MySpace’s death rattle?

After five years at the top of the social networking pyramid, MySpace spent the last two years becoming the new Friendster. It’s a tag the company wore happily when it outdid Friendster in 2003, but in 2010 it’s nothing short of a scarlet letter. This week Rupert Murdoch folded Slingshot Labs, MySpace’s technology development arm, in what is the closest News Corp. has come to an admission of social networking “Game Over.”

In all likelihood MySpace will continue to loom in the social networking galaxy for years to come come, shimmering in the distance as a dying white dwarf star that grabs what financial dust it can from the ether. Music lovers might still use the site on occasion to check out new artists, but for the most part any self-respecting teenager will tell you that MySpace is “so 2006.”

So what went wrong?

Here are the three biggest MySpace missteps that newer sites like Facebook and Twitter can avoid:

1. Putting The Advertiser Before The User – Visiting MySpace has for years felt like walking down the Vegas strip. Everything is for sale including the homepage. Inboxes are stuffed with updates about MySpace Records pet projects and other sponsored events, and the comment board and friend requests are filled with obscure companies or strippers trying to make a buck. Not that many people wanna stay in Vegas for more than a week; there’s a reason that what happens in Vegas, stays in Vegas.

2. The Napoleon Complex – In trying to keep up with the rapid expansion of their larger, wealthier counterparts (see: Google envy), MySpace leveraged its power by branching out into everything under the sun– search, videos, games, fashion, karaoke – in short, anything they thought an Internet giant should have in its portfolio. Each day brought the launch of some new MySpace enterprise, but once it was shuffled off the homepage to make room for the next venture, you never knew how to find it again even if you did like it. In the end, the only thing they achieved was diluting their brand and losing a sense of identity.

3. Inability To Adapt – There was a small window of opportunity when MySpace could have seen what people preferred about Facebook and applied it to MySpace without sacrificing its own uniqueness. Facebook for the most part is simple, user-friendly, and allows people to connect with friends without the annoyance of sponsors and strangers buzzing obtrusively like a mosquito. Facebook does one thing and it does it well, and if it can get its privacy policies in order, it allows advertisers to be part of a community without overrunning it. MySpace could easily have easily adapted some of these approaches before the writing was on the wall.

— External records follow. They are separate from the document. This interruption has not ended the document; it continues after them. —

text \<open>Pinsker's inequality, in the weak form with the squared Euclidean distance: split U into the
  set S where r dominates p and its complement, bound each part by the squared total variation
  2 (a - b)^2 with a = r(S), b = p(S), and reduce to the binary case by the log-sum inequality.\<close>

lemma sum_square_diff_le_kl_real:
  assumes fin: "finite U" and r: "is_pmf U r" and p: "pos_pmf U p"
  shows "(\<Sum>u\<in>U. (r u - p u)^2) \<le> kl_real U r p"
proof -
  have r0: "\<And>u. u \<in> U \<Longrightarrow> 0 \<le> r u" and rs: "sum r U = 1" using r by (auto simp: is_pmf_def)
  have p0: "\<And>u. u \<in> U \<Longrightarrow> 0 < p u" and ps: "sum p U = 1" using p by (auto simp: pos_pmf_def)
  define S where "S = {u\<in>U. p u \<le> r u}"
  define T where "T = U - S"
  have ST: "finite S" "finite T" "S \<inter> T = {}" "S \<union> T = U" using fin by (auto simp: S_def T_def)
  have split: "sum f U = sum f S + sum f T" for f :: "_ \<Rightarrow> real"
    using sum.union_disjoint[OF ST(1-3)] ST(4) by simp
  define a where "a = sum r S"
  define b where "b = sum p S"
  have ra: "sum r T = 1 - a" using rs split[of r] unfolding a_def by simp
  have pb: "sum p T = 1 - b" using ps split[of p] unfolding b_def by simp
  have ab: "b \<le> a" unfolding a_def b_def by (rule sum_mono) (auto simp: S_def)
  have "S \<noteq> {}"
  proof
    assume "S = {}"
    then have "\<forall>u\<in>U. r u < p u" by (auto simp: S_def)
    moreover have "U \<noteq> {}" using ps by auto
    ultimately have "sum r U < sum p U" using fin by (intro sum_strict_mono) auto
    then show False using rs ps by simp
  qed
  then obtain s where s: "s \<in> S" by blast
  have "p s \<le> b" unfolding b_def using ST s p0 by (intro member_le_sum) (auto simp: S_def less_imp_le)
  then have b0: "0 < b" using p0[of s] s by (auto simp: S_def)
  have "0 \<le> sum r T" using r0 by (intro sum_nonneg) (auto simp: T_def)
  then have a1: "a \<le> 1" using ra by simp
  have "(\<Sum>u\<in>U. (r u - p u)^2) = (\<Sum>u\<in>S. (r u - p u)^2) + (\<Sum>u\<in>T. (p u - r u)^2)"
    using split[of "\<lambda>u. (r u - p u)^2"] by (simp add: power2_commute)
  also have "\<dots> \<le> (\<Sum>u\<in>S. r u - p u)^2 + (\<Sum>u\<in>T. p u - r u)^2"
    using ST by (intro add_mono sum_squares_le_square_sum) (auto simp: S_def T_def)
  also have "\<dots> = 2 * (a - b)^2"
  proof -
    have "(\<Sum>u\<in>S. r u - p u) = a - b" by (simp add: sum_subtractf a_def b_def)
    moreover have "(\<Sum>u\<in>T. p u - r u) = a - b" using ra pb by (simp add: sum_subtractf)
    ultimately show ?thesis by simp
  qed
  also have "\<dots> \<le> a * ln (a / b) + (1 - a) * ln ((1 - a) / (1 - b))"
    using binary_pinsker b0 ab a1 by blast
  also have "\<dots> \<le> (\<Sum>u\<in>S. r u * ln (r u / p u)) + (\<Sum>u\<in>T. r u * ln (r u / p u))"
  proof (rule add_mono)
    show "a * ln (a / b) \<le> (\<Sum>u\<in>S. r u * ln (r u / p u))"
      unfolding a_def b_def using ST r0 p0 by (intro log_sum_inequality) (auto simp: S_def less_imp_le)
    show "(1 - a) * ln ((1 - a) / (1 - b)) \<le> (\<Sum>u\<in>T. r u * ln (r u / p u))"
      unfolding ra[symmetric] pb[symmetric] using ST r0 p0
      by (intro log_sum_inequality) (auto simp: T_def less_imp_le)
  qed
  also have "\<dots> = kl_real U r p" unfolding kl_real_def by (rule split[symmetric])
  finally show ?thesis .
qed

lemma chi2_real_le_kl_real_div_min:
  assumes "finite U" "is_pmf U r" "pos_pmf U p" "m > 0" "\<And>u. u \<in> U \<Longrightarrow> m \<le> p u"
  shows "chi2_real U r p \<le> kl_real U r p / m"
proof -
  have "chi2_real U r p \<le> (\<Sum>u\<in>U. (r u - p u)^2 / m)"
    unfolding chi2_real_def using assms by (intro sum_mono divide_left_mono) (auto simp: pos_pmf_def)
  also have "\<dots> \<le> kl_real U r p / m"
    using sum_square_diff_le_kl_real[OF assms(1-3)] assms(4)
    by (simp add: sum_divide_distrib[symmetric] divide_right_mono)
  finally show ?thesis .
qed


section \<open>Unnormalised relative entropy and its strong data processing inequality\<close>

definition stochastic :: "'u set \<Rightarrow> 'v set \<Rightarrow> ('u \<Rightarrow> 'v \<Rightarrow> real) \<Rightarrow> bool" where
  "stochastic U V W \<longleftrightarrow> (\<forall>u\<in>U. \<forall>v\<in>V. 0 \<le> W u v) \<and> (\<forall>u\<in>U. (\<Sum>v\<in>V. W u v) = 1)"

There is one thing that MySpace still does best, and that is music. Facebook, perhaps wisely, has ceded that ground. Despite MySpace’s overall demise, comScore reported a surprising 92% growth for MySpace Music in 2009. Music is what separated MySpace from early social networks in the first place, and at this point it would be wise to focus on keeping and expanding that stronghold while setting aside recent ill-advised offshoots. Let’s hope that’s what Rupert Murdoch had in mind when he nixed Slingshot Labs.